2. The driving device as claimed in claim 1, wherein the first limiting mechanism includes a first positive focusing limiting portion and a first negative focusing limiting portion disposed opposite to the first positive focusing limiting portion, the first positive focusing limiting portion and the first negative focusing limiting portion both protrude from the suspension assembly along a direction close to the lens mount, the second limiting mechanism is disposed between the first positive focusing limiting portion and the first negative focusing limiting portion, and the first positive focusing limiting portion and the first negative focusing limiting portion are configured to limit the second limiting mechanism to move between the first positive focusing limiting portion and the first negative focusing limiting portion, so as to limit a moving distance of the lens mount relative to the suspension assembly in the mounting direction of the mounting bayonet.

3. The driving apparatus as claimed in claim 2, wherein the second position-limiting mechanism includes a focusing protrusion protruding from the lens mount in a direction close to the suspension assembly, the focusing protrusion is located between the first positive focusing position-limiting portion and the first negative focusing position-limiting portion, and a distance between the first positive focusing position-limiting portion and the first negative focusing position-limiting portion is J ₁ The length of the focusing convex part in the installation direction of the installation bayonet is J ₂ The first distanceThe interval length of the interval is L1 _max ，J ₁ -J ₂ ＝L1 _max 。

4. The driving apparatus as claimed in claim 1, wherein the third position-limiting mechanism comprises a first positive anti-shake limiting portion and a first negative anti-shake limiting portion opposite to the first positive anti-shake limiting portion, the first positive anti-shake limiting portion and the first negative anti-shake limiting portion both protrude from the bracket assembly along a direction close to the suspension assembly, the suspension assembly is located between the first positive anti-shake limiting portion and the first negative anti-shake limiting portion, and a distance between the first positive anti-shake limiting portion and the first negative anti-shake limiting portion is J ₃ The length of the suspension assembly in the installation direction of the installation bayonet is J ₄ The interval length of the second distance interval is L2 _max ，J ₃ -J ₄ ＝L2 _max 。

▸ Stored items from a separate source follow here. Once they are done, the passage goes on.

lemma tufa_to_rtdbva_steps:
  assumes G: "is_TuFA \<Sigma> G"
  shows "x \<in> carrier_mat 1 (tdim G) \<Longrightarrow> w \<in> lists \<Sigma> \<Longrightarrow>
    foldl (dbva_step (tufa_to_rtdbva G c)) (0, prepend_one (tdim G) x) (map Sym w)
      = (0, prepend_one (tdim G) (foldl (\<lambda>B a. B * tmat G a) x w))"
proof (induction w arbitrary: x)
  case (Cons a w)
  have A: "tmat G a \<in> carrier_mat (tdim G) (tdim G)"
    using Cons.prems G unfolding is_TuFA_def by auto
  have "dbva_step (tufa_to_rtdbva G c) (0, prepend_one (tdim G) x) (Sym a)
      = (0, prepend_one (tdim G) (x * tmat G a))"
    using prepend_one_mult_one_block_mat [OF Cons.prems(1) A]
    by (simp add: dbva_step_def tufa_to_rtdbva_def)
  moreover have "x * tmat G a \<in> carrier_mat 1 (tdim G)"
    using Cons.prems A by auto
  ultimately show ?case using Cons by simp
qed simp

lemma dbva_lang_tufa_to_rtdbva:
  assumes G: "is_TuFA \<Sigma> G"
  shows "dbva_lang \<Sigma> (tufa_to_rtdbva G c) = {w \<in> lists \<Sigma>. tufa_fun G w = c}"
proof -
  let ?n = "tdim G"
  have "w \<in> dbva_lang \<Sigma> (tufa_to_rtdbva G c) \<longleftrightarrow> tufa_fun G w = c" if w: "w \<in> lists \<Sigma>" for w
  proof -
    let ?x = "foldl (\<lambda>B a. B * tmat G a) (tv0 G) w"
    have v0: "tv0 G \<in> carrier_mat 1 ?n" and f: "tf G \<in> carrier_mat ?n 1"
      using G by (simp_all add: is_TuFA_def)
    have "dbva_step (tufa_to_rtdbva G c) (0, prepend_one ?n (tv0 G)) Cent = (0, prepend_one ?n (tv0 G))"
      by (simp add: dbva_step_def tufa_to_rtdbva_def right_mult_one_mat [OF prepend_one_carrier])
    then have "dbva_run (tufa_to_rtdbva G c) w = (0, prepend_one ?n ?x * threshold_mat ?n (tf G) c)"
      using tufa_to_rtdbva_steps [OF G v0 w, of c]
      by (simp add: dbva_run_def dbva_step_def tufa_to_rtdbva_def)
    then show ?thesis
      using w prepend_one_mult_threshold_mat [OF tufa_fold_carrier [OF G v0 w] f, of c]
      by (simp add: dbva_lang_def tufa_fun_def tufa_to_rtdbva_def)
  qed
  then show ?thesis by (auto simp: dbva_lang_def)
qed

lemma S_eq_Q_subset_rtDBVA_langs: "S_eq_Q \<Sigma> \<subseteq> rtDBVA_langs \<Sigma>"
proof
  fix L assume "L \<in> S_eq_Q \<Sigma>"
  then obtain G c where G: "is_TuFA \<Sigma> G" and L: "L = {w \<in> lists \<Sigma>. tufa_fun G w = c}"
    unfolding S_eq_Q_def by auto
  show "L \<in> rtDBVA_langs \<Sigma>"
    unfolding rtDBVA_langs_def
    using is_rtDBVA_tufa_to_rtdbva [OF G, of c] dbva_lang_tufa_to_rtdbva [OF G, of c] L
    by (intro CollectI exI [of _ "Suc (tdim G)"] exI [of _ "tufa_to_rtdbva G c"] conjI) simp_all
qed

section \<open>From vector automata to Turakainen automata\<close>

definition wf_config :: "'a rtdbva \<Rightarrow> nat \<Rightarrow> nat \<times> rat mat \<Rightarrow> bool" where
  "wf_config M k c \<longleftrightarrow> fst c \<in> st M \<and> snd c \<in> carrier_mat 1 k"

lemma dbva_step_eq: "dbva_step M c s = (fst (delta M (fst c) s), snd c * snd (delta M (fst c) s))"
  by (simp add: dbva_step_def split: prod.splits)

lemma wf_config_dbva_step:
  assumes "is_rtDBVA \<Sigma> k M" "wf_config M k c" "s \<in> Sym ` \<Sigma> \<union> {Cent, Dollar}"
  shows "wf_config M k (dbva_step M c s)"
  using assms unfolding is_rtDBVA_def wf_config_def dbva_step_eq by fastforce

lemma wf_config_dbva_steps:
  assumes M: "is_rtDBVA \<Sigma> k M"
  shows "wf_config M k c \<Longrightarrow> w \<in> lists \<Sigma> \<Longrightarrow> wf_config M k (foldl (dbva_step M) c (map Sym w))"
proof (induction w arbitrary: c)
  case (Cons a w)
  then show ?case using wf_config_dbva_step [OF M, of c "Sym a"] by simp
qed simp

lemma dbva_run_eq:
  "dbva_run M w = dbva_step M (foldl (dbva_step M) (dbva_step M (init M, vinit M) Cent) (map Sym w)) Dollar"
  by (simp add: dbva_run_def)

lemma block_index_less:
  fixes q N j k :: nat
  assumes "q < N" "j < k"
  shows "q * k + j < N * k"
proof -
  have "Suc q * k \<le> N * k" using assms(1) by (intro mult_le_mono1) simp
  then show ?thesis using assms(2) by simp
qed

5. The drive of claim 1, further comprising a housing secured to the base and housing the suspension assembly;

6. The drive device according to claim 5, wherein the housing has a first inner wall located in the predetermined direction, and a second inner wall located opposite to the first inner wall, and the first inner wall and the second inner wall are spaced apart by a distance J ₅ The suspension assembly has a first outer wall disposed opposite the first inner wall and a second outer wall disposed opposite the second inner wall, the first outer wall and the second outer wall having a separation distance J ₆ The interval length of the third distance interval is L3 _max ，J ₅ -J ₆ ＝L3 _max 。

7. The drive device of claim 5, further comprising: a shield disposed on the suspension assembly and located between the first anti-shake magnet and the second anti-shake magnet.

8. The drive of claim 7, wherein the shield is a magnetic steel plate.

9. The utility model provides a module of making a video recording which characterized in that includes:

the drive device of any one of claims 1-8;

the lens is detachably arranged in the mounting bayonet, or the lens is positioned in the mounting bayonet and integrally formed with the lens mounting seat, and the lens is used for receiving incident light;

10. The camera module of claim 9, further comprising:

11. An electronic apparatus, characterized by comprising the camera module according to claim 9 or 10.